## Task
In the entries that follow, find the line containing "define Nx where"; from there, copy every line exactly through the line containing "moreover from this".

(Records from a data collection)
......

lemma path_exp_Suc:
  assumes fin: "finite St" and s0: "s0 \<in> St"
  shows "path_exp St K s0 (Suc T) f = (\<Sum>s1\<in>St. K s0 s1 * path_exp St K s1 T (\<lambda>ss. f (s0 # ss)))"
proof -
  let ?L = "\<lambda>n s. {ss. length ss = Suc n \<and> set ss \<subseteq> St \<and> hd ss = s}"
  have eq: "?L (Suc T) s0 = Cons s0 ` (\<Union>s1\<in>St. ?L T s1)"
  proof
    show "?L (Suc T) s0 \<subseteq> Cons s0 ` (\<Union>s1\<in>St. ?L T s1)"
    proof
      fix ss assume "ss \<in> ?L (Suc T) s0"
      then obtain ss' where ss: "ss = s0 # ss'" "length ss' = Suc T" "set ss' \<subseteq> St"
        by (cases ss) auto
      then have "hd ss' \<in> St" by (cases ss') auto
      with ss show "ss \<in> Cons s0 ` (\<Union>s1\<in>St. ?L T s1)" by blast
    qed
    show "Cons s0 ` (\<Union>s1\<in>St. ?L T s1) \<subseteq> ?L (Suc T) s0" using s0 by auto
  qed
  have "path_exp St K s0 (Suc T) f = (\<Sum>ss\<in>(\<Union>s1\<in>St. ?L T s1).
      (\<Prod>t<Suc T. K ((s0#ss) ! t) ((s0#ss) ! Suc t)) * f (s0#ss))"
    unfolding path_exp_def eq by (subst sum.reindex) (auto simp: inj_on_def)
  also have "\<dots> = (\<Sum>s1\<in>St. \<Sum>ss\<in>?L T s1.
      (\<Prod>t<Suc T. K ((s0#ss) ! t) ((s0#ss) ! Suc t)) * f (s0#ss))"
    by (rule sum.UNION_disjoint) (auto simp: fin finite_paths)
  also have "\<dots> = (\<Sum>s1\<in>St. K s0 s1 * path_exp St K s1 T (\<lambda>ss. f (s0 # ss)))"
    unfolding path_exp_def sum_distrib_left
  proof (intro sum.cong refl)
    fix s1 ss assume "ss \<in> ?L T s1"
    then have "ss ! 0 = s1" by (cases ss) auto
    then show "(\<Prod>t<Suc T. K ((s0#ss) ! t) ((s0#ss) ! Suc t)) * f (s0#ss) =
        K s0 s1 * ((\<Prod>t<T. K (ss ! t) (ss ! Suc t)) * f (s0 # ss))"
      by (simp add: prod.lessThan_Suc_shift del: prod.lessThan_Suc)
  qed
  finally show ?thesis .
qed
lemma mantel:
  fixes G :: "'a set set"
  assumes "finite V" "\<And>p. p \<in> G \<Longrightarrow> p \<subseteq> V \<and> card p = 2"
    and "\<And>x y z. {x, y} \<in> G \<Longrightarrow> {y, z} \<in> G \<Longrightarrow> {x, z} \<in> G \<Longrightarrow> False"
  shows "4 * card G \<le> card V ^ 2"
  using assms
proof (induction "card V" arbitrary: V G rule: less_induct)
  case less
  show ?case
  proof (cases "G = {}")
    case False
    then obtain x y where xy: "{x, y} \<in> G" "x \<noteq> y"
      using less.prems(2) by (metis card_2_iff ex_in_conv)
    then have "x \<in> V" "y \<in> V" using less.prems(2) by auto
    define V' where "V' = V - {x, y}"
    define G' where "G' = {p \<in> G. p \<subseteq> V'}"
    define Nx where "Nx = {w \<in> V'. {x, w} \<in> G}"
    define Ny where "Ny = {w \<in> V'. {y, w} \<in> G}"
    have card_V': "card V' + 2 = card V"
      using \<open>x \<in> V\<close> \<open>y \<in> V\<close> xy(2) less.prems(1) card_mono[of V "{x, y}"]
      by (simp add: V'_def card_Diff_subset)
    have "4 * card G' \<le> card V' ^ 2"
      using card_V' less.prems by (intro less.hyps) (auto simp: V'_def G'_def)
    moreover have "card Nx + card Ny \<le> card V'"
    proof -
      have "Nx \<inter> Ny = {}"
        using less.prems(3)[of x y] xy by (auto simp: Nx_def Ny_def insert_commute)
      moreover have "Nx \<union> Ny \<subseteq> V'" "finite V'"
        using less.prems(1) by (auto simp: Nx_def Ny_def V'_def)
      ultimately show ?thesis
        by (metis card_Un_disjoint card_mono finite_Un finite_subset)
    qed
    moreover have "card G \<le> card G' + card Nx + card Ny + 1"
    proof -
      let ?X = "(\<lambda>w. {x, w}) ` Nx" and ?Y = "(\<lambda>w. {y, w}) ` Ny"
      have "G \<subseteq> G' \<union> ?X \<union> ?Y \<union> {{x, y}}"
      proof
        fix p assume "p \<in> G"
        moreover from this obtain a b where "p = {a, b}" "a \<noteq> b" "a \<in> V" "b \<in> V"
          using less.prems(2) by (metis card_2_iff insert_subset)
        ultimately show "p \<in> G' \<union> ?X \<union> ?Y \<union> {{x, y}}"
          by (auto simp: G'_def Nx_def Ny_def V'_def insert_commute)
      qed
      moreover have "finite G'" "finite Nx" "finite Ny"
        using less.prems(1,2) finite_subset[of G' "Pow V"]
        by (auto simp: G'_def Nx_def Ny_def V'_def)
      ultimately have "card G \<le> card (G' \<union> ?X \<union> ?Y \<union> {{x, y}})"
        by (intro card_mono) auto
      also have "\<dots> \<le> card G' + card ?X + card ?Y + 1"
        using card_Un_le[of "G' \<union> ?X \<union> ?Y" "{{x, y}}"] card_Un_le[of "G' \<union> ?X" ?Y]
          card_Un_le[of G' ?X] by simp
      also have "\<dots> \<le> card G' + card Nx + card Ny + 1"
        using card_image_le \<open>finite Nx\<close> \<open>finite Ny\<close> by (intro add_mono) auto
      finally show ?thesis .
    qed
    ultimately have "4 * card G \<le> card V' ^ 2 + 4 * card V' + 4"
      by linarith
    also have "\<dots> = card V ^ 2"
      using card_V' by (simp add: power2_eq_square algebra_simps flip: card_V')
    finally show ?thesis .
  qed simp
qed

locale berge_K3_free_triple_system =
  fixes V :: "'a::linorder set" and H :: "'a set set"
  assumes finite_vertices: "finite V"
    and edge_subset: "\<And>h. h \<in> H \<Longrightarrow> h \<subseteq> V"
    and card_edge: "\<And>h. h \<in> H \<Longrightarrow> card h = 3"
    and not_berge_K3: "\<not> berge_K3 V H"
begin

......

## Solution to this problem
    define Nx where "Nx = {w \<in> V'. {x, w} \<in> G}"
    define Ny where "Ny = {w \<in> V'. {y, w} \<in> G}"
    have card_V': "card V' + 2 = card V"
      using \<open>x \<in> V\<close> \<open>y \<in> V\<close> xy(2) less.prems(1) card_mono[of V "{x, y}"]
      by (simp add: V'_def card_Diff_subset)
    have "4 * card G' \<le> card V' ^ 2"
      using card_V' less.prems by (intro less.hyps) (auto simp: V'_def G'_def)
    moreover have "card Nx + card Ny \<le> card V'"
    proof -
      have "Nx \<inter> Ny = {}"
        using less.prems(3)[of x y] xy by (auto simp: Nx_def Ny_def insert_commute)
      moreover have "Nx \<union> Ny \<subseteq> V'" "finite V'"
        using less.prems(1) by (auto simp: Nx_def Ny_def V'_def)
      ultimately show ?thesis
        by (metis card_Un_disjoint card_mono finite_Un finite_subset)
    qed
    moreover have "card G \<le> card G' + card Nx + card Ny + 1"
    proof -
      let ?X = "(\<lambda>w. {x, w}) ` Nx" and ?Y = "(\<lambda>w. {y, w}) ` Ny"
      have "G \<subseteq> G' \<union> ?X \<union> ?Y \<union> {{x, y}}"
      proof
        fix p assume "p \<in> G"
        moreover from this obtain a b where "p = {a, b}" "a \<noteq> b" "a \<in> V" "b \<in> V"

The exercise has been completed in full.